Please find every line in the entries below that contains the string "definition", and copy it.

Data for the task
------------------------------------

(* Let $f:\mathbb{Z}^n\to\mathbb{R}\cup\{+\infty\}$ be M-convex with bounded $\operatorname{dom} f$, $\emptyset\neq R\subsetneq N$, and $k$ an integer with $\underline{k}\le k\le\overline{k}$. Let $\hat k<k$ be an integer and $x\in M(\hat k)$. Consider the procedure ConstM-IncSlope$(x)$: set $y:=x$; for each $i\in R$ (each exactly once, arbitrary order) and, for this $i$, for each $j\in N\setminus R$ (each exactly once, arbitrary order), if $f'(y;i,j)=\phi^R(x)$ then set $\lambda:=\min\{k-y(R),\bar c(y;i,j)\}$ and replace $y$ by $y+\lambda(\chi_i-\chi_j)$; finally output $x':=y$. If $x'(R)<k$, then $\phi^R(x')>\phi^R(x)$.
   Context: $N=\{1,\dots,n\}$; $\chi_i\in\{0,1\}^n$ is the $i$-th unit vector; $x(R)=\sum_{i\in R}x(i)$. For $f:\mathbb{Z}^n\to\mathbb{R}\cup\{+\infty\}$, $\operatorname{dom} f=\{x\in\mathbb{Z}^n: f(x)<+\infty\}$. $f$ is M-convex if $\operatorname{dom} f\neq\emptyset$ and for all $x,y\in\operatorname{dom} f$ and every $i$ with $x(i)>y(i)$ there is $j$ with $x(j)<y(j)$ such that $f(x)+f(y)\ge f(x-\chi_i+\chi_j)+f(y+\chi_i-\chi_j)$. $f'(x;i,j)=f(x+\chi_i-\chi_j)-f(x)$ (possibly $+\infty$), $\phi^R(x)=\min_{i\in R,\,j\in N\setminus R}f'(x;i,j)$, and $\bar c(y;i,j)=\max\{\lambda\in\mathbb{Z}_{\ge 0}: f(y+\lambda(\chi_i-\chi_j))-f(y)=\lambda f'(y;i,j)\}$. $\underline{k}=\min\{x(R):x\in\operatorname{dom} f\}$, $\overline{k}=\max\{x(R):x\in\operatorname{dom} f\}$; for $\underline{k}\le h\le\overline{k}$, $z(h)=\min\{f(x): x(R)=h,\ x\in\operatorname{dom} f\}$ and $M(h)=\{x\in\operatorname{dom} f: x(R)=h,\ f(x)=z(h)\}$. *)

theory Defs
  imports Complex_Main "HOL-Library.Extended_Real"
begin

text \<open>Vectors in Z^n are functions from a finite index type 'n (playing the role of N) to int.
  Functions f take values in ereal; the codomain R \<union> {+\<infinity>} is imposed by assuming f never equals -\<infinity>.\<close>

definition unitv :: "'n \<Rightarrow> 'n \<Rightarrow> int" where
  "unitv i = (\<lambda>l. if l = i then 1 else 0)"

definition mdom :: "(('n::finite \<Rightarrow> int) \<Rightarrow> ereal) \<Rightarrow> ('n \<Rightarrow> int) set" where
  "mdom f = {x. f x < \<infinity>}"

------------------------------------

Task answer
definition unitv :: "'n \<Rightarrow> 'n \<Rightarrow> int" where
definition mdom :: "(('n::finite \<Rightarrow> int) \<Rightarrow> ereal) \<Rightarrow> ('n \<Rightarrow> int) set" where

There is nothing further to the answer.